On December 27, 1874, he became a member of the Royal Academy of History, where he occupied the “Medal 1”, replacing Francisco de Paula Quadrado. In March 1876, Francisco Coello was the main promoter and one of the founding members of the Geographical Society of Madrid -later the Royal Geographical Society -, of which he could practically be considered the first president. He aimed to put Spain on the same level as other European territories and cities such as Paris, Berlin, or London, which already had their respective geographical societies since the 1820s; in this sense, Coello himself said he was ashamed that no Spaniard “sat” at the presidential table of the Geographical Congress of Paris in 1875. Coello's maps were included in the monthly bulletins issued by the Society.

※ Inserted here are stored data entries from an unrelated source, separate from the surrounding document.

(* Let $n\in\{1,2\}$ and let $\Gamma$, $\phi$, $c_1$, $\delta$, $U_r$, $\varrho$, $\widetilde{\mathcal T}_h$ and $D_h$ be as in the context. Denote by $r_0\in(0,1)$ the unique zero of the function $r\mapsto \arccos(r)-c_1 r$, set $c_2=\frac{\pi}{2}+c_1$ and $\widehat\varepsilon=\varepsilon\arccos(\frac{h}{\varepsilon})-c_1h$. Suppose that $\varepsilon=\gamma h$ for some $\gamma>\frac{1}{r_0}$ and that $c_2\varepsilon<\delta$. Then $\widehat\varepsilon>0$ and $$\Gamma\subset U_{\widehat\varepsilon}\subset D_h\subset U_{c_2\varepsilon}\subset U_\delta .$$ Furthermore there is a constant $C$, independent of $h$ and $\varepsilon$, such that $$\varrho(x)\le C\Bigl(\frac{h}{\varepsilon}\Bigr)^{2(q+1)}\qquad \text{for all } x\in D_h\setminus U_{\widehat\varepsilon}.$$
   Context: $\Gamma\subset\mathbb R^{n+1}$ is a smooth, connected, compact, orientable hypersurface without boundary. $\Omega$ is a bounded polyhedral open neighbourhood of $\Gamma$ and $\phi:\overline\Omega\to\mathbb R$ is smooth with $\Gamma=\{x\in\Omega:\phi(x)=0\}$ and $c_0\le|\nabla\phi(x)|\le c_1$ for all $x\in\overline\Omega$, where $0<c_0\le c_1$. For $r>0$, $U_r:=\{x\in\Omega:|\phi(x)|<r\}$. The number $\delta>0$ is such that for every $p\in\Gamma$ the ODE $\gamma_p'(s)=\frac{A(p)\nabla\phi(\gamma_p(s))}{A(p)\nabla\phi(\gamma_p(s))\cdot\nabla\phi(\gamma_p(s))}$, $\gamma_p(0)=p$ (with $A(p)$ a given symmetric positive definite matrix field on $\Gamma$) has a unique solution on $(-\delta,\delta)$, so that $(p,s)\mapsto\gamma_p(s)$ is a bijection from $\Gamma\times(-\delta,\delta)$ onto $U_\delta$ (note $\phi(\gamma_p(s))=s$). Let $q\ge 0$ be an integer and let a quadrature rule on the reference simplex $\widehat T\subset\mathbb R^{n+1}$ be given, $\widehat Q(\widehat g)=|\widehat T|\sum_{i=1}^L\omega_i\widehat g(\widehat b_i)$ with $\omega_i>0$, $\sum_i\omega_i=1$, $\widehat b_i\in\widehat T$, exact for polynomials of degree $\le q$; on a simplex $T$ set $b_{i,T}=\Phi_T(\widehat b_i)$ where $\Phi_T$ is the affine map from $\widehat T$ onto $T$. Define $\sigma(r)=\cos^{2(q+1)}(r)$ for $|r|\le\frac\pi2$ and $\sigma(r)=0$ for $|r|>\frac\pi2$, and the phase field function $\varrho(x)=\sigma(\phi(x)/\varepsilon)$, $x\in\Omega$. $\mathcal T_h$ is a regular partition of $\overline\Omega$ into simplices $T$ with $h=\max_T\operatorname{diam}(T)$. For $h<\varepsilon$, $\widetilde{\mathcal T}_h:=\{T\in\mathcal T_h: |\phi(b_{i,T})|\le\varepsilon\arccos(h/\varepsilon)\text{ for all } i=1,\dots,L\}$ and $D_h:=\bigcup_{T\in\widetilde{\mathcal T}_h}T$. *)

theory Defs
  imports "HOL-Analysis.Analysis"
begin

inductive_set iter_partials :: "('a::euclidean_space \<Rightarrow> real) \<Rightarrow> ('a \<Rightarrow> real) set"
  for f :: "'a \<Rightarrow> real" where
  base: "f \<in> iter_partials f"
| step: "g \<in> iter_partials f \<Longrightarrow> i \<in> Basis \<Longrightarrow>
         (\<lambda>x. frechet_derivative g (at x) i) \<in> iter_partials f"

definition smooth_on :: "'a::euclidean_space set \<Rightarrow> ('a \<Rightarrow> real) \<Rightarrow> bool" where
  "smooth_on S f \<longleftrightarrow> open S \<and>
     (\<forall>g \<in> iter_partials f. g differentiable_on S \<and> continuous_on S g)"

definition grad :: "('a::euclidean_space \<Rightarrow> real) \<Rightarrow> 'a \<Rightarrow> 'a" where
  "grad f x = (\<Sum>i\<in>Basis. frechet_derivative f (at x) i *\<^sub>R i)"

definition multi_indices :: "nat \<Rightarrow> ('a::euclidean_space \<Rightarrow> nat) set" where
  "multi_indices q = {k. (\<forall>i. i \<notin> Basis \<longrightarrow> k i = 0) \<and> sum k Basis \<le> q}"

definition poly_deg_le :: "nat \<Rightarrow> ('a::euclidean_space \<Rightarrow> real) \<Rightarrow> bool" where
  "poly_deg_le q g \<longleftrightarrow> (\<exists>c :: ('a \<Rightarrow> nat) \<Rightarrow> real.
      g = (\<lambda>x. \<Sum>k\<in>multi_indices q. c k * (\<Prod>i\<in>Basis. (x \<bullet> i) ^ k i)))"

definition ref_simplex :: "'a::euclidean_space set" where
  "ref_simplex = convex hull (insert 0 Basis)"
lemma glued_uniformly_close_if_large:
  assumes "\<epsilon> > 0"
  shows "\<exists>N. \<forall>x\<in>M. \<forall>y\<in>M. glued x y > ereal N \<longrightarrow> d x y < \<epsilon>"
proof -
  have "\<forall>\<^sub>F N in at_top. N \<ge> 0 \<and> (\<forall>k\<in>F. \<forall>x\<in>A k. \<forall>y\<in>A k. L k x y > ereal N \<longrightarrow> d x y < \<epsilon>)"
    using chart_uniformly_close_if_large[OF assms] by (intro eventually_conj) simp_all
  then obtain N where "N \<ge> 0" and N: "\<forall>k\<in>F. \<forall>x\<in>A k. \<forall>y\<in>A k. L k x y > ereal N \<longrightarrow> d x y < \<epsilon>"
    unfolding eventually_at_top_linorder by (meson order_refl)
  have "d x y < \<epsilon>" if "glued x y > ereal N" for x y
  proof (cases "\<exists>k\<in>F. x \<in> A k \<and> y \<in> A k")
    case True
    then obtain k where "k \<in> F" "x \<in> A k" "y \<in> A k" "glued x y = L k x y" by (rule glued_chart)
    then show ?thesis using N that by auto
  next
    case False
    then show ?thesis using that \<open>N \<ge> 0\<close> by (simp add: glued_no_chart)
  qed
  then show ?thesis by blast
qed

lemma glued_lipschitz_equiv:
  assumes B: "closedin mtopology B" "top_log_scale (subtopology mtopology B) L'"
    and nonneg: "\<And>x y. \<lbrakk>x \<in> B; y \<in> B\<rbrakk> \<Longrightarrow> L' x y \<ge> 0"
    and lipschitz: "\<And>k. k \<in> F \<Longrightarrow> lipschitz_equiv_on (A k \<inter> B) (L k) L'"
  shows "lipschitz_equiv_on B glued L'"
proof -
  obtain r where "r > 0" and leb: "\<And>x. x \<in> M \<Longrightarrow> \<exists>k\<in>F. \<forall>y\<in>M. d x y < r \<longrightarrow> y \<in> U k"
    using lebesgue_number_charts by metis
  have "B \<subseteq> M" using closedin_subset[OF B(1)] by simp
  have "\<forall>\<^sub>F C in at_top. \<forall>k\<in>F. \<forall>x\<in>A k \<inter> B. \<forall>y\<in>A k \<inter> B.
      L k x y \<le> L' x y + ereal C \<and> L' x y \<le> L k x y + ereal C"
    using lipschitz_equiv_on_eventually[OF lipschitz] by (intro eventually_ball_finite[OF finite_charts]) blast
  then have "\<forall>\<^sub>F C in at_top. C \<ge> 0 \<and> (\<forall>x\<in>B. \<forall>y\<in>B. L' x y > ereal C \<longrightarrow> d x y < r) \<and>
      (\<forall>k\<in>F. \<forall>x\<in>A k \<inter> B. \<forall>y\<in>A k \<inter> B. L k x y \<le> L' x y + ereal C \<and> L' x y \<le> L k x y + ereal C)"
    using top_log_scale_uniformly_close_if_large[OF Metric_space_axioms \<open>B \<subseteq> M\<close> B(2)
        closedin_compact_space[OF compact B(1)] \<open>r > 0\<close>]
    by (intro eventually_conj) simp_all
  then obtain C where "C \<ge> 0" and close: "\<forall>x\<in>B. \<forall>y\<in>B. L' x y > ereal C \<longrightarrow> d x y < r"
    and C: "\<forall>k\<in>F. \<forall>x\<in>A k \<inter> B. \<forall>y\<in>A k \<inter> B. L k x y \<le> L' x y + ereal C \<and> L' x y \<le> L k x y + ereal C"
    unfolding eventually_at_top_linorder by (meson order_refl)
  have "glued x y \<le> L' x y + ereal C \<and> L' x y \<le> glued x y + ereal C" if xy: "x \<in> B" "y \<in> B" for x y
  proof (cases "\<exists>k\<in>F. x \<in> A k \<and> y \<in> A k")
    case True
    then obtain k where "k \<in> F" "x \<in> A k" "y \<in> A k" "glued x y = L k x y" by (rule glued_chart)
    then show ?thesis using C xy by auto
  next
    case False
    have "\<not> L' x y > ereal C"
    proof
      assume "L' x y > ereal C"
      then have "d x y < r" using close xy by blast
      obtain k where "k \<in> F" and k: "\<forall>z\<in>M. d x z < r \<longrightarrow> z \<in> U k"
        using leb xy(1) \<open>B \<subseteq> M\<close> by blast
      then have "x \<in> U k" "y \<in> U k"
        using \<open>d x y < r\<close> \<open>r > 0\<close> xy \<open>B \<subseteq> M\<close> by auto
      then show False using False \<open>k \<in> F\<close> chart_subset by blast
    qed
    then show ?thesis
      using False nonneg[OF xy] \<open>C \<ge> 0\<close> by (simp add: glued_no_chart add_increasing2 not_less)
  qed
  then show ?thesis unfolding lipschitz_equiv_on_def by blast
qed
lemma brb_nonzeroD:
  assumes "b \<in> Bas n" "c \<in> Bas n" "brb b c d \<noteq> 0"
  shows "d \<in> Bas n" "WD n d = WD n b + WD n c - (int n - 1)"
    "int (pdeg (fst d)) = int (pdeg (fst b)) + int (pdeg (fst c)) - 1"
proof -
  obtain L k T l where bc: "b = (L, k)" "c = (T, l)" by fastforce
  have "l < k \<or> k < l" using assms(3) unfolding bc brb_def by (auto split: if_splits)
  then have "d \<in> Bas n \<and> WD n d = WD n b + WD n c - (int n - 1)
    \<and> int (pdeg (fst d)) = int (pdeg (fst b)) + int (pdeg (fst c)) - 1"
  proof
    assume "l < k"
    with assms(3) have "L l \<noteq> 0" "d = ((\<lambda>i. L i + T i)(l := L l - 1 + T l), k)"
      unfolding bc brb_def smul_def bvec_def by (auto split: if_splits)
    with Bas_bracket_term[OF assms(1,2)[unfolded bc] \<open>l < k\<close>] show ?thesis
      unfolding bc by auto
  next
    assume "k < l"
    with assms(3) have "T k \<noteq> 0" "d = ((\<lambda>i. T i + L i)(k := T k - 1 + L k), l)"
      unfolding bc brb_def smul_def bvec_def by (auto split: if_splits simp: add.commute)
    with Bas_bracket_term[OF assms(2,1)[unfolded bc] \<open>k < l\<close>] show ?thesis
      unfolding bc by auto
  qed
  then show "d \<in> Bas n" "WD n d = WD n b + WD n c - (int n - 1)"
    "int (pdeg (fst d)) = int (pdeg (fst b)) + int (pdeg (fst c)) - 1" by auto
qed

lemma brb_NN_closed:
  assumes n: "n \<ge> 3" and "j \<ge> 0" and b: "b \<in> NN n j" and c: "c \<in> NN n (j - 1)"
    and "brb b c d \<noteq> 0"
  shows "d \<in> NN n (j - 1)"
proof -
  have "b \<in> Bas n" "has_low_level (int n - 1) j (WD n b) (int (pdeg (fst b)))"
    using b NN_iff_has_low_level[OF n, of j] \<open>j \<ge> 0\<close> by auto
  moreover have "c \<in> Bas n" "has_low_level (int n - 1) (j - 1) (WD n c) (int (pdeg (fst c)))"
    using c NN_iff_has_low_level[OF n, of "j - 1"] \<open>j \<ge> 0\<close> by auto
  ultimately have "d \<in> Bas n" "has_low_level (int n - 1) (j - 1) (WD n d) (int (pdeg (fst d)))"
    using brb_nonzeroD[of b n c d] \<open>brb b c d \<noteq> 0\<close>
      WD_le_if_pdeg_le_1[of b n] WD_le_if_pdeg_le_1[of c n]
    by (auto intro!: has_low_level_bracket)
  then show ?thesis using NN_iff_has_low_level[OF n, of "j - 1"] \<open>j \<ge> 0\<close> by auto
qed

lemma zspan_eq_finite_support: "zspan S = {v. finite {b. v b \<noteq> 0} \<and> {b. v b \<noteq> 0} \<subseteq> S}"
proof (intro set_eqI iffI)
  fix v :: lelt assume "v \<in> zspan S"
  then obtain F a where F: "finite F" "F \<subseteq> S" "v = (\<lambda>d. \<Sum>b\<in>F. a b * bvec b d)"
    unfolding zspan_def by auto
  have "v d = (if d \<in> F then a d else 0)" for d
    unfolding F(3) bvec_def using F(1) by (simp add: if_distrib[of "(*) _"] cong: if_cong)
  then have "{b. v b \<noteq> 0} \<subseteq> F" by auto
  then show "v \<in> {v. finite {b. v b \<noteq> 0} \<and> {b. v b \<noteq> 0} \<subseteq> S}"
    using F by (auto intro: finite_subset)
next
  fix v :: lelt assume v: "v \<in> {v. finite {b. v b \<noteq> 0} \<and> {b. v b \<noteq> 0} \<subseteq> S}"
  have "v = (\<lambda>d. \<Sum>b\<in>{b. v b \<noteq> 0}. v b * bvec b d)"
    using v unfolding bvec_def by (auto simp: if_distrib[of "(*) _"] cong: if_cong)
  then show "v \<in> zspan S" using v unfolding zspan_def by blast
qed

lemma finite_brb_support: "finite {d. brb b c d \<noteq> 0}"
proof -
  obtain L k T l where "b = (L, k)" "c = (T, l)" by fastforce
  then have "\<exists>e. {d. brb b c d \<noteq> 0} \<subseteq> {e}" unfolding brb_def smul_def bvec_def by auto
  then show ?thesis using finite_subset by blast
qed

lemma br_bvec_support:
  "{d. br (bvec b) m d \<noteq> 0} \<subseteq> (\<Union>c\<in>{c. m c \<noteq> 0}. {d. brb b c d \<noteq> 0})"
proof
  fix d assume "d \<in> {d. br (bvec b) m d \<noteq> 0}"
  moreover have "{c. bvec b c \<noteq> 0} = {b}" unfolding bvec_def by auto
  ultimately have "(\<Sum>c\<in>{c. m c \<noteq> 0}. m c * brb b c d) \<noteq> 0"
    unfolding br_def by (simp add: bvec_def)
  then obtain c where "m c \<noteq> 0" "brb b c d \<noteq> 0"
    by (metis (mono_tags, lifting) mem_Collect_eq mult_eq_0_iff sum.neutral)
  then show "d \<in> (\<Union>c\<in>{c. m c \<noteq> 0}. {d. brb b c d \<noteq> 0})" by blast
qed

lemma br_bvec_in_zspan:
  assumes "\<And>c d. c \<in> S \<Longrightarrow> brb b c d \<noteq> 0 \<Longrightarrow> d \<in> S" and "m \<in> zspan S"
  shows "br (bvec b) m \<in> zspan S"
proof -
  have m: "finite {c. m c \<noteq> 0}" "{c. m c \<noteq> 0} \<subseteq> S"
    using assms(2) unfolding zspan_eq_finite_support by auto
  have "finite (\<Union>c\<in>{c. m c \<noteq> 0}. {d. brb b c d \<noteq> 0})"
    using m(1) finite_brb_support by blast
  moreover have "(\<Union>c\<in>{c. m c \<noteq> 0}. {d. brb b c d \<noteq> 0}) \<subseteq> S" using assms(1) m(2) by blast
  ultimately show ?thesis
    unfolding zspan_eq_finite_support using br_bvec_support[of b m] by (auto intro: finite_subset)
qed

theorem corollary3p2:
  fixes n :: nat and j :: int
  assumes "n \<ge> 3" and "j \<ge> 0"
  shows "NN n j \<subseteq> normB n (zspan (NN n (j - 1)))"
proof
  fix b assume b: "b \<in> NN n j"
  then have "b \<in> Bas n" unfolding NN_def by auto
  moreover have "br (bvec b) m \<in> zspan (NN n (j - 1))" if "m \<in> zspan (NN n (j - 1))" for m
    using br_bvec_in_zspan[OF brb_NN_closed[OF assms b] that] .
  ultimately show "b \<in> normB n (zspan (NN n (j - 1)))" unfolding normB_def by blast
qed

end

In the words of Rodriguez Esteban, Coello “made the Geographical Society of Madrid the reflection of his intentions and his activity, trying at all times to place the work of the Society in the field of the scientific sphere, research, and theoretical propaganda”. He also strongly defended the interest that Spain should have in the occupation of territories in North Africa, specifically the “Cabo del Agua”. In this line of Africanism, it is worth mentioning that he was part, together with the regenerationist Joaquín Costa, of the Spanish Society of Africanists and Colonists, founded in 1883, and whose creation had already been proposed by Coello in 1881. He was also critical of Bismarck's Germany because of the crisis in the Carolines in 1885. Coello held the position of honorary president of the Society from October 15, 1878, until his death in 1898, at 23 Serrano Street. He was buried in the cemetery of San Justo, in a ceremony attended by Antonio Aguilar y Correa as representative of the Royal Academy of History, as well as by Generals Azcárraga, Polavieja, and Chinchilla.